#### Task objective:
In the records below, find the line that contains "locale sectioned_crossed_module = crossed_module_with_module" and the line that contains "P \<Longrightarrow> s0", then retype exactly those two lines and every line between them.
____________________
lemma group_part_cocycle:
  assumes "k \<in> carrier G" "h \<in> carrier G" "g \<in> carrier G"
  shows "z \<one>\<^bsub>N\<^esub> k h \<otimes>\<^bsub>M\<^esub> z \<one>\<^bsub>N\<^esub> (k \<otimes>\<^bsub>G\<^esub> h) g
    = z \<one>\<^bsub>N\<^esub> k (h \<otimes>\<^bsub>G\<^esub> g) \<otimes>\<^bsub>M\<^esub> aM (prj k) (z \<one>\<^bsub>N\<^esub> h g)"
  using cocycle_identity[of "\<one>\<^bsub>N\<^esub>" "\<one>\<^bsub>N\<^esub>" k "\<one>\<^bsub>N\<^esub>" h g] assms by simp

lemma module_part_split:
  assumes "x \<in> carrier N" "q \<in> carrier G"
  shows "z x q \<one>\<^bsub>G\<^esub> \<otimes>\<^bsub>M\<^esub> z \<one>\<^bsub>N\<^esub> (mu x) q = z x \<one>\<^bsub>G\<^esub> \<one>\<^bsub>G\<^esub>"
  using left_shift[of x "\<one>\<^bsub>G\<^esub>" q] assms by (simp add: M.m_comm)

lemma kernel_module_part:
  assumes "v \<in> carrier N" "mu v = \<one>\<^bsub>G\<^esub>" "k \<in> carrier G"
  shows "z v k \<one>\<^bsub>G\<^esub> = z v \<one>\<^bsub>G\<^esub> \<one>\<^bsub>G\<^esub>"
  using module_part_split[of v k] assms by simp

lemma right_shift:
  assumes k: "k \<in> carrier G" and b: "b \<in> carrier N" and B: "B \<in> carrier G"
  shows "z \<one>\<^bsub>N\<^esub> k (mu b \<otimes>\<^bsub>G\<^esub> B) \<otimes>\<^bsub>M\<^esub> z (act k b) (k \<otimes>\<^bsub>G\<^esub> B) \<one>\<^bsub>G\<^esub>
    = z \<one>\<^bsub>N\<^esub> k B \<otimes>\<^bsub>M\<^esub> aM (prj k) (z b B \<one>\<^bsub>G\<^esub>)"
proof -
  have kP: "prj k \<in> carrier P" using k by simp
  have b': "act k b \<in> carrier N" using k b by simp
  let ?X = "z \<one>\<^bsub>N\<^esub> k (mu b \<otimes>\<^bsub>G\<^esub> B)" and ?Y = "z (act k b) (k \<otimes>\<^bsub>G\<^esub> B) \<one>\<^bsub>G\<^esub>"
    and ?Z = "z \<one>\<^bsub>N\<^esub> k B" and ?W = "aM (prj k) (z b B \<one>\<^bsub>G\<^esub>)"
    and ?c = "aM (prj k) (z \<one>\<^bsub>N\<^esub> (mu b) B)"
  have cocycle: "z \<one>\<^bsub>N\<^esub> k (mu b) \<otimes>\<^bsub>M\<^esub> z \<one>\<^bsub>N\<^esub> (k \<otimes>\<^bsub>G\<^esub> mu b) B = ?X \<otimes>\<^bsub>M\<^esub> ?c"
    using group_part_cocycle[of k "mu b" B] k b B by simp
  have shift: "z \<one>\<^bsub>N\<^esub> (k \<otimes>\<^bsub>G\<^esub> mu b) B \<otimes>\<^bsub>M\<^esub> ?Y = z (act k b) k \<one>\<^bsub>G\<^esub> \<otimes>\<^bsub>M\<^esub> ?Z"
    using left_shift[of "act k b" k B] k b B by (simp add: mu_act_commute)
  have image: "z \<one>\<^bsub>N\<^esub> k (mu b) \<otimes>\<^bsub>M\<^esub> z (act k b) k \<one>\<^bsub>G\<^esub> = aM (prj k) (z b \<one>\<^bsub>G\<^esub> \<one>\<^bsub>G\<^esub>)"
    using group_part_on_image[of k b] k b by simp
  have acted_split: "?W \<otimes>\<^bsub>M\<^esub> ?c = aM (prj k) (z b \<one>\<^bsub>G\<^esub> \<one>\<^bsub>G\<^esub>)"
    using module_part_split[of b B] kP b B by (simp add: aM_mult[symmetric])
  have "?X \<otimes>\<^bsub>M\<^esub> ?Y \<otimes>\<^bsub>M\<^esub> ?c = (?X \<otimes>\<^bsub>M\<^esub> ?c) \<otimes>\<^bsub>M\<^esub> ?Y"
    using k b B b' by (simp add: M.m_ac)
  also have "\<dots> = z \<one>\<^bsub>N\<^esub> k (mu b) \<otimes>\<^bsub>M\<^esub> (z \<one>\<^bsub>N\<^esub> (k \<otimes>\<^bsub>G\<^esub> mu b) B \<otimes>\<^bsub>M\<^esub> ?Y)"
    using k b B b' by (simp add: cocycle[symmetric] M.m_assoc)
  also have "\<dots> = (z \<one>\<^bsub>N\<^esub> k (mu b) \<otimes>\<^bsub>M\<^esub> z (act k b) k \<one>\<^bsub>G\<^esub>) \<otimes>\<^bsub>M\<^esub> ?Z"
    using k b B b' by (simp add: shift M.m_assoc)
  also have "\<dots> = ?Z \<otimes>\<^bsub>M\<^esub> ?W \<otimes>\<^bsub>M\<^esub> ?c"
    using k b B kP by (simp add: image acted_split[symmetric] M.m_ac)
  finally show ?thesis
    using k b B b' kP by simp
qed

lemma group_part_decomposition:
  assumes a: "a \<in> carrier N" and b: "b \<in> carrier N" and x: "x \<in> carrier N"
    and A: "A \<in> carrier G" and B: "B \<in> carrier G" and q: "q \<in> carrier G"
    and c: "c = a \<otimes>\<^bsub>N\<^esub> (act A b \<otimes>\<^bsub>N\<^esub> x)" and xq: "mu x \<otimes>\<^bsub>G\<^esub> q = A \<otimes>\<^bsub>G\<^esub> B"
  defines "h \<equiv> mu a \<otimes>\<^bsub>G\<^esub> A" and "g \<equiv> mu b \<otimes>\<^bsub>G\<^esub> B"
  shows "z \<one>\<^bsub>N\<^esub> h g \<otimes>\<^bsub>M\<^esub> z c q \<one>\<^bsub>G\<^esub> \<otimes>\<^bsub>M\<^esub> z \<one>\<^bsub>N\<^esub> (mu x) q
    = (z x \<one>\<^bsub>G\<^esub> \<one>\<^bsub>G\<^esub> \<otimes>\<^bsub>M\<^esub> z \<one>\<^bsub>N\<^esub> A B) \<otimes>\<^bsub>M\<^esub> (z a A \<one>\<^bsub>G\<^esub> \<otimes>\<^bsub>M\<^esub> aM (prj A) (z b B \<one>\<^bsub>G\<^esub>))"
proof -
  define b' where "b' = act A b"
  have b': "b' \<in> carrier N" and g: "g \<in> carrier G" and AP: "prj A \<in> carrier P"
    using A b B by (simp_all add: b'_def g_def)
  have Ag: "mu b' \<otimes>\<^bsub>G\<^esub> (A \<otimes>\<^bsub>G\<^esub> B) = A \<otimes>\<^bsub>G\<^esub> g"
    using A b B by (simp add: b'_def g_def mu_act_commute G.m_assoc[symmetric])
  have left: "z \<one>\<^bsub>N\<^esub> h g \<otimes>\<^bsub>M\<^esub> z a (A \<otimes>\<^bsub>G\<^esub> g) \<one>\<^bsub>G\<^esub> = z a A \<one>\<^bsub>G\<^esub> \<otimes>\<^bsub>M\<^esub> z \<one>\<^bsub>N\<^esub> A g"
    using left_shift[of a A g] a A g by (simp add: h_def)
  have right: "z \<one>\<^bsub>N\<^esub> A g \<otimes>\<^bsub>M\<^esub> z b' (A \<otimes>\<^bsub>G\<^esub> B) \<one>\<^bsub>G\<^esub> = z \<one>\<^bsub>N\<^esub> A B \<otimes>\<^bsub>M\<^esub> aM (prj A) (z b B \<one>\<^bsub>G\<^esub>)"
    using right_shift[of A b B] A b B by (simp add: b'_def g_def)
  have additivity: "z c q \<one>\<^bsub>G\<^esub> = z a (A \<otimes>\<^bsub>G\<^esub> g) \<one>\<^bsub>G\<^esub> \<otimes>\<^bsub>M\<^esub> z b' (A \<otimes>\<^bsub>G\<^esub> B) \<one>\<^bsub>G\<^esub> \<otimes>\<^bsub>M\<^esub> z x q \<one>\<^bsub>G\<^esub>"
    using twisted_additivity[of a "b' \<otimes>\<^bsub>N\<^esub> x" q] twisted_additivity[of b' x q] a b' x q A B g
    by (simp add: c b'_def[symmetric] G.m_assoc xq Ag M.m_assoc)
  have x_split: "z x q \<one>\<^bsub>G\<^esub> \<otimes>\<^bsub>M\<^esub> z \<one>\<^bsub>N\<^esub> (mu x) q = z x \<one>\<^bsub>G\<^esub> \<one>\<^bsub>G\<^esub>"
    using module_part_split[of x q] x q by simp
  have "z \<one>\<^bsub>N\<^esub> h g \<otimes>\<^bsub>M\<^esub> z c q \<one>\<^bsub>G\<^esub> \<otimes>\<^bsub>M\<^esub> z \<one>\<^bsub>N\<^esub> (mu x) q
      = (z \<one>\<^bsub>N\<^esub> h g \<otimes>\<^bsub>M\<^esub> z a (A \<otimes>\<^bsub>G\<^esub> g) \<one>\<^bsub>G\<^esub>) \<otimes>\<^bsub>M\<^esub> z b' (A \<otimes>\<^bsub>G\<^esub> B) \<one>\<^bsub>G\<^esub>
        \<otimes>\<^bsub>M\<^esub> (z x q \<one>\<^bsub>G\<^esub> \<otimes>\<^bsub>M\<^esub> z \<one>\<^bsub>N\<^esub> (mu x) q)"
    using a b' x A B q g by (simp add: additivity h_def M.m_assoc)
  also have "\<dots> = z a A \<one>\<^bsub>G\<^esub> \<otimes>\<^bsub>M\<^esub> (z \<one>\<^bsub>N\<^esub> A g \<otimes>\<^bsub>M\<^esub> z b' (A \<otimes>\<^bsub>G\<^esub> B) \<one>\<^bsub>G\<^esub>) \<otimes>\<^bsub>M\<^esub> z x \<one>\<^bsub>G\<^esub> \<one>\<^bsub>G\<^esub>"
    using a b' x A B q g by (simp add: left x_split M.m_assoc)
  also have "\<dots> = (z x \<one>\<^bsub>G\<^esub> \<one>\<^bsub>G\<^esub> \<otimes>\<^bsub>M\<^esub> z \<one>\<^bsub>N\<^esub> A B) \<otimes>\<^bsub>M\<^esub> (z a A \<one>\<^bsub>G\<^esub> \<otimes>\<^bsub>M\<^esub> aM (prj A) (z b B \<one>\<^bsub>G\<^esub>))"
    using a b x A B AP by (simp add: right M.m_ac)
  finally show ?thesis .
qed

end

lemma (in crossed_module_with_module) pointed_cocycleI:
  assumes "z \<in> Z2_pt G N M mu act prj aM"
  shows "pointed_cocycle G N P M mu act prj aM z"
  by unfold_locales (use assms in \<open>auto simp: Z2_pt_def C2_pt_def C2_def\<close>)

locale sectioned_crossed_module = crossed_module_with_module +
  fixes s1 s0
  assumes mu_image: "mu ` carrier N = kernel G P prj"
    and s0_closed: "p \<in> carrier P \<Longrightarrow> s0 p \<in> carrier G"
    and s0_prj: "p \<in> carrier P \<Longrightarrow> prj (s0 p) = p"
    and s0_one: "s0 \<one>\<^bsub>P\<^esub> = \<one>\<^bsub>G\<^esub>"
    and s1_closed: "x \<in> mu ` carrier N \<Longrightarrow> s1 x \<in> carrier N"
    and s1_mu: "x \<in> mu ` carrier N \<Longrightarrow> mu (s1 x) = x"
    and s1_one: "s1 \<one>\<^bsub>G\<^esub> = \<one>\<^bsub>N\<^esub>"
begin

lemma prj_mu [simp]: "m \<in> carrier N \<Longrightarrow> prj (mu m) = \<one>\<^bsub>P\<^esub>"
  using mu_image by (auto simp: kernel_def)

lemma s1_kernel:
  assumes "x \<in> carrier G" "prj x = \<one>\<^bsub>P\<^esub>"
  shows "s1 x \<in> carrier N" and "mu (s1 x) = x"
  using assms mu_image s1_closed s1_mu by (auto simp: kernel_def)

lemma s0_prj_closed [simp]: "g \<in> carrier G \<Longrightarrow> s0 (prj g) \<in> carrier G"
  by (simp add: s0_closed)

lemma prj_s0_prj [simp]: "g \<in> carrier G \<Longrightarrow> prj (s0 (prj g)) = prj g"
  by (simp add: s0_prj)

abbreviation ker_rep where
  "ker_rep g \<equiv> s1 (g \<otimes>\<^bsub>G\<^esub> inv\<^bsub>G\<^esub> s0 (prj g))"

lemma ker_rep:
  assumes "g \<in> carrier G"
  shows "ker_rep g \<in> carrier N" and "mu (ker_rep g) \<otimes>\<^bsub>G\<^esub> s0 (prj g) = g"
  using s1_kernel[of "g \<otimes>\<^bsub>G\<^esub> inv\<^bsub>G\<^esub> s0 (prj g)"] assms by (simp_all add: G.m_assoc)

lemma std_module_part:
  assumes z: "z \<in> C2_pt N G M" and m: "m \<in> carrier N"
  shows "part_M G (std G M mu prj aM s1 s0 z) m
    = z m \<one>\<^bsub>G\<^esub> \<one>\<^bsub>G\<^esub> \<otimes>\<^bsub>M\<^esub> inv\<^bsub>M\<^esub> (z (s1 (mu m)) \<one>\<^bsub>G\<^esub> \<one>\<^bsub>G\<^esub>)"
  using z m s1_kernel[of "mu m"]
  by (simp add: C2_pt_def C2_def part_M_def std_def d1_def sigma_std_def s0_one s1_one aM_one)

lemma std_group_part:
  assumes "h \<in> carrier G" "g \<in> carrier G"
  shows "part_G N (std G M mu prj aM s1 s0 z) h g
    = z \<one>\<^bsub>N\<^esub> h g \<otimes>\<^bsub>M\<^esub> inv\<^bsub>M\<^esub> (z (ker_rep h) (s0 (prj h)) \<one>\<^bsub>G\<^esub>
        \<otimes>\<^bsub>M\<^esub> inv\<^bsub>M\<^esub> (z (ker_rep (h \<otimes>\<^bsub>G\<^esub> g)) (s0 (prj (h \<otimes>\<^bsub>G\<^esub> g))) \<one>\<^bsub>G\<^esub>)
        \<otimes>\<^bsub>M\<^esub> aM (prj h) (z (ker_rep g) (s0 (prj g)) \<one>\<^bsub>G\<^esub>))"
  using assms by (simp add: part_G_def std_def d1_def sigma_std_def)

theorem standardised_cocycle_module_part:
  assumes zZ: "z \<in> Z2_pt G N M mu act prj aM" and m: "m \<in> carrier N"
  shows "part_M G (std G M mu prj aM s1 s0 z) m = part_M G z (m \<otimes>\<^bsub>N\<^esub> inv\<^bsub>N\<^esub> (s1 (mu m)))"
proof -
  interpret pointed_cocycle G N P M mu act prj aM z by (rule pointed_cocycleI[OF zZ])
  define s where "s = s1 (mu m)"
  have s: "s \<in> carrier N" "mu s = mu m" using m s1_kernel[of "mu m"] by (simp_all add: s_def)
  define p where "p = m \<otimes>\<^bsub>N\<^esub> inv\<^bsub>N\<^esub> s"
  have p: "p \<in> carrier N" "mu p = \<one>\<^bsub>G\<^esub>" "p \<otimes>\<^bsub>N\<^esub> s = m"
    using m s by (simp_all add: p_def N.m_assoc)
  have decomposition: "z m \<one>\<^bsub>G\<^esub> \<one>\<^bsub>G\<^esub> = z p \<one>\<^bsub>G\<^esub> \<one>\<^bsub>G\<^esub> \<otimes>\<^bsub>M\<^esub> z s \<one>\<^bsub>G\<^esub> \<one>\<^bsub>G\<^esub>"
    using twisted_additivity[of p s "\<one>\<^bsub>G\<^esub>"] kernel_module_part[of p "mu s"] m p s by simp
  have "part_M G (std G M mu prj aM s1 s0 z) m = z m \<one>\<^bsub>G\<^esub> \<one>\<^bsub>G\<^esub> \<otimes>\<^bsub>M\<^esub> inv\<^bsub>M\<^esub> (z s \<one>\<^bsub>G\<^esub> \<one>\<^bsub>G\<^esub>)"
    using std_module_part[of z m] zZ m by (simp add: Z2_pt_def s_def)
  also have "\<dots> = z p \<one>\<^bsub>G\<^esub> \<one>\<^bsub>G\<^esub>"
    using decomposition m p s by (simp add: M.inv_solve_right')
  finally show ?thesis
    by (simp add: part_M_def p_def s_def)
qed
____________________
#### Written solution:
locale sectioned_crossed_module = crossed_module_with_module +
  fixes s1 s0
  assumes mu_image: "mu ` carrier N = kernel G P prj"
    and s0_closed: "p \<in> carrier P \<Longrightarrow> s0 p \<in> carrier G"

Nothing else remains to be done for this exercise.